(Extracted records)

'''

text \<open>Hermiticity transfers the vanishing from the first \<open>k\<close> columns to the first \<open>k\<close> rows.\<close>

lemma diagonal_upto_eigencolumns:
  assumes hB: "hermitian n B" and V: "unitary n V"
    and eig: "\<And>j. j < k \<Longrightarrow> \<exists>c. \<forall>a<n. (B * V) $$ (a,j) = c * V $$ (a,j)"
  shows "diagonal_upto n k (adj V * B * V)"
proof -
  note v = unitary_cancel[OF V]
  have Bc: "B \<in> carrier_mat n n" using hB by (rule hermitianD)
  define B' where "B' = adj V * B * V"
  have hB': "hermitian n B'" unfolding B'_def using hermitian_adj_conj[OF hB] v by simp
  have low: "B' $$ (i,j) = 0" if i: "i < n" and j: "j < n" and ij: "i \<noteq> j" and jk: "j < k" for i j
  proof -
    obtain c where c: "\<forall>a<n. (B * V) $$ (a,j) = c * V $$ (a,j)" using eig[OF jk] by blast
    have "B' = adj V * (B * V)" unfolding B'_def using v Bc by (simp add: assoc_mult_mat_sq[of _ n])
    then have "B' $$ (i,j) = (\<Sum>a<n. adj V $$ (i,a) * (B * V) $$ (a,j))"
      using index_mult_mat_sum[of "adj V" n n "B * V" n i j] v Bc i j by simp
    also have "\<dots> = c * (\<Sum>a<n. adj V $$ (i,a) * V $$ (a,j))"
      using c by (simp add: sum_distrib_left algebra_simps)
    also have "(\<Sum>a<n. adj V $$ (i,a) * V $$ (a,j)) = (adj V * V) $$ (i,j)"
      by (rule index_mult_mat_sum[symmetric]) (use v i j in auto)
    finally show ?thesis using v i j ij by simp
  qed
  have "B' $$ (i,j) = cnj (B' $$ (j,i))" if "i < n" "j < n" for i j
    using hermitianD[OF hB'] that adj_index[of i B' j] by auto
  then show ?thesis
    unfolding diagonal_upto_def B'_def[symmetric] using low by (metis complex_cnj_zero)
qed

lemma diagonal_upto_Suc:
  fixes B :: "complex mat"
  assumes hB: "hermitian n B" and D: "diagonal_upto n k B" and k: "k < n"
  shows "\<exists>V. unitary n V \<and> diagonal_upto n (Suc k) (adj V * B * V)"
proof -
  have Bc: "B \<in> carrier_mat n n" using hB by (rule hermitianD)
  obtain u \<mu> r where uc: "u \<in> carrier_vec n" and un: "(\<Sum>i<n. (cmod (u$i))\<^sup>2) = 1"
    and uk: "u$k = of_real r" and r: "r \<le> 0" and u0: "\<forall>j<k. u$j = 0" and Bu: "B *\<^sub>v u = \<mu> \<cdot>\<^sub>v u"
    using normalized_eigenvector_vanishing_upto[OF Bc D k] by blast
  obtain V where V: "unitary n V" and Vk: "\<forall>i<n. V$$(i,k) = u$i"
    and Vj: "\<forall>i<n. \<forall>j<k. V$$(i,j) = (if i = j then 1 else 0)"
    using householder_to_unit_vector[OF k un uk r u0] by blast
  have Vc: "V \<in> carrier_mat n n" using V by (rule unitaryD)
  have "\<exists>c. \<forall>a<n. (B * V) $$ (a,j) = c * V $$ (a,j)" if j: "j < Suc k" for j
  proof (cases "j = k")
    case True
    have "(B * V) $$ (a,k) = \<mu> * V $$ (a,k)" if a: "a < n" for a
    proof -
      have "(B * V) $$ (a,k) = (B *\<^sub>v u) $ a"
        using index_mult_mat_sum[OF Bc Vc a k] Vk a Bc uc by (simp add: scalar_prod_def lessThan_atLeast0)
      then show ?thesis using Bu a uc Vk by simp
    qed
    then show ?thesis using True by blast
  next
    case False
    then have jk: "j < k" using j by simp
    have "(B * V) $$ (a,j) = B $$ (j,j) * V $$ (a,j)" if a: "a < n" for a
    proof -
      have jn: "j < n" using jk k by simp
      have "(B * V) $$ (a,j) = (\<Sum>l<n. if l = j then B $$ (a,l) else 0)"
        unfolding index_mult_mat_sum[OF Bc Vc a jn] by (intro sum.cong) (use Vj jk in auto)
      also have "\<dots> = B $$ (a,j)" using jn by simp
      finally have "(B * V) $$ (a,j) = B $$ (a,j)" .
      then show ?thesis using D a jk k Vj unfolding diagonal_upto_def by auto
    qed
    then show ?thesis by blast
  qed
  then show ?thesis using diagonal_upto_eigencolumns[OF hB V] V by blast
qed

lemma hermitian_diagonal_upto:
  assumes hA: "hermitian n A" and kn: "k \<le> n"
  shows "\<exists>U. unitary n U \<and> diagonal_upto n k (adj U * A * U)"
  using kn
proof (induction k)
  case 0
  have "unitary n (1\<^sub>m n)" unfolding unitary_def by simp
  then show ?case unfolding diagonal_upto_def by auto
next
  case (Suc k)
  then obtain U where U: "unitary n U" and D: "diagonal_upto n k (adj U * A * U)" by auto
  have Uc: "U \<in> carrier_mat n n" and Ac: "A \<in> carrier_mat n n" using U hA unitaryD hermitianD by auto
  obtain V where V: "unitary n V" and D': "diagonal_upto n (Suc k) (adj V * (adj U * A * U) * V)"
    using diagonal_upto_Suc[OF hermitian_adj_conj[OF hA Uc] D] Suc by auto
  have "adj (U * V) * A * (U * V) = adj V * (adj U * A * U) * V"
    using Uc Ac unitaryD[OF V] by (simp add: adj_mult[OF Uc] assoc_mult_mat_sq[of _ n])
  then show ?case using unitary_mult[OF U V] D' by metis
qed

theorem hermitian_spectral_decomposition:
  assumes hA: "hermitian n A"
  shows "\<exists>U (d::nat \<Rightarrow> real). unitary n U \<and> A = U * mat_diag n (\<lambda>i. complex_of_real (d i)) * adj U"
proof -
  obtain U where U: "unitary n U" and D: "diagonal_upto n n (adj U * A * U)"
    using hermitian_diagonal_upto[OF hA le_refl] by blast
  note u = unitary_cancel[OF U]
  have Ac: "A \<in> carrier_mat n n" using hA by (rule hermitianD)
  define B where "B = adj U * A * U"
  have hB: "hermitian n B" unfolding B_def using hermitian_adj_conj[OF hA] u by simp
  have Bc: "B \<in> carrier_mat n n" using hB by (rule hermitianD)
  define d where "d i = Re (B $$ (i,i))" for i
  have "B $$ (i,i) = of_real (d i)" if "i < n" for i
  proof -
    have "cnj (B $$ (i,i)) = B $$ (i,i)"
      using hermitianD[OF hB] Bc that adj_index[of i B i] by auto
    then show ?thesis unfolding d_def by (metis Reals_cnj_iff complex_is_Real_iff of_real_Re)
  qed
  then have "B = mat_diag n (\<lambda>i. complex_of_real (d i))"
    using D Bc unfolding diagonal_upto_def B_def[symmetric] by (intro eq_matI) (auto simp: mat_diag_def)
  moreover have "U * B * adj U = A"
    unfolding B_def using u Ac by (simp add: assoc_mult_mat_sq[of _ n])
  ultimately show ?thesis using U by blast
qed

section \<open>Functional calculus\<close>

definition unitary_diag :: "nat \<Rightarrow> complex mat \<Rightarrow> (nat \<Rightarrow> complex) \<Rightarrow> complex mat" where
  "unitary_diag n U \<phi> = U * mat_diag n \<phi> * adj U"

lemma hermitian_unitary_diag_decomposition:
  "hermitian n A \<Longrightarrow> \<exists>U (d::nat\<Rightarrow>real). unitary n U \<and> A = unitary_diag n U (\<lambda>i. complex_of_real (d i))"
  unfolding unitary_diag_def by (rule hermitian_spectral_decomposition)

lemma mat_diag_intertwine_fun:
  fixes a b :: "nat \<Rightarrow> real" and f :: "real \<Rightarrow> complex"
  assumes M: "M \<in> carrier_mat n n"
    and eq: "mat_diag n (\<lambda>i. complex_of_real (a i)) * M = M * mat_diag n (\<lambda>i. complex_of_real (b i))"
  shows "mat_diag n (\<lambda>i. f (a i)) * M = M * mat_diag n (\<lambda>i. f (b i))"
proof -
  have "M $$ (i,j) = 0 \<or> a i = b j" if "i < n" "j < n" for i j
    using arg_cong[OF eq, of "\<lambda>P. P $$ (i,j)"] that M
    by (simp add: mat_diag_mult_left[OF M] mat_diag_mult_right[OF M])
  then have "f (a i) * M $$ (i,j) = M $$ (i,j) * f (b j)" if "i < n" "j < n" for i j
    using that by (metis mult.commute mult_zero_left mult_zero_right)
  then show ?thesis
    using M by (intro eq_matI) (auto simp: mat_diag_mult_left[OF M] mat_diag_mult_right[OF M])
qed

text \<open>\<open>M = V\<^sup>\<dagger> U\<close> intertwines the two diagonal forms, hence also their images under \<open>f\<close>.\<close>

lemma unitary_diag_fun_cong:
  fixes d d' :: "nat \<Rightarrow> real"
  assumes U: "unitary n U" and V: "unitary n V"
    and eq: "unitary_diag n U (\<lambda>i. complex_of_real (d i)) = unitary_diag n V (\<lambda>i. complex_of_real (d' i))"
  shows "unitary_diag n U (\<lambda>i. f (d i)) = unitary_diag n V (\<lambda>i. f (d' i))"
proof -
  note u = unitary_cancel[OF U] and v = unitary_cancel[OF V]
  define A where "A = unitary_diag n U (\<lambda>i. complex_of_real (d i))"
  define D where "D = mat_diag n (\<lambda>i. complex_of_real (d i))"
  define D' where "D' = mat_diag n (\<lambda>i. complex_of_real (d' i))"
  define F where "F = mat_diag n (\<lambda>i. f (d i))"
  define F' where "F' = mat_diag n (\<lambda>i. f (d' i))"
  have Dc: "D \<in> carrier_mat n n" "D' \<in> carrier_mat n n" "F \<in> carrier_mat n n" "F' \<in> carrier_mat n n"
    unfolding D_def D'_def F_def F'_def by auto
  define M where "M = adj V * U"
  have Mc: "M \<in> carrier_mat n n" unfolding M_def using u v by simp
  have Ac: "A \<in> carrier_mat n n" unfolding A_def unitary_diag_def using u by simp
  have "A = V * D' * adj V" using eq unfolding A_def unitary_diag_def D'_def .
  then have e1: "adj V * A = D' * adj V" using Dc v by (simp add: assoc_mult_mat_sq[of _ n])
  have e2: "A * U = U * D" unfolding A_def unitary_diag_def D_def using Dc u by (simp add: assoc_mult_mat_sq[of _ n])
  have "D' * M = (D' * adj V) * U" unfolding M_def using u v Dc by (simp add: assoc_mult_mat_sq[of _ n])
  also have "\<dots> = adj V * (A * U)" unfolding e1[symmetric] using u v Ac by (simp add: assoc_mult_mat_sq[of _ n])
  also have "\<dots> = M * D" unfolding e2 M_def using u v Dc by (simp add: assoc_mult_mat_sq[of _ n])
  finally have FM: "F' * M = M * F"
    unfolding D'_def D_def F_def F'_def by (rule mat_diag_intertwine_fun[OF Mc])
  have "V * F' * adj V = V * F' * (M * adj U)"
    unfolding M_def using u v by (simp add: assoc_mult_mat_sq[of _ n])
  also have "\<dots> = V * (F' * M) * adj U" using u v Dc Mc by (simp add: assoc_mult_mat_sq[of _ n])
  also have "\<dots> = V * (M * F) * adj U" unfolding FM ..
  also have "\<dots> = U * F * adj U" unfolding M_def using u v Dc by (simp add: assoc_mult_mat_sq[of _ n])
  finally show ?thesis unfolding F_def F'_def unitary_diag_def by simp
qed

'''

**What you have to do:**
Copy out each line of the records where the word "lemma" appears.

**Answer to the exercise:**
lemma diagonal_upto_eigencolumns:
lemma diagonal_upto_Suc:
lemma hermitian_diagonal_upto:
lemma hermitian_unitary_diag_decomposition:
lemma mat_diag_intertwine_fun:
lemma unitary_diag_fun_cong:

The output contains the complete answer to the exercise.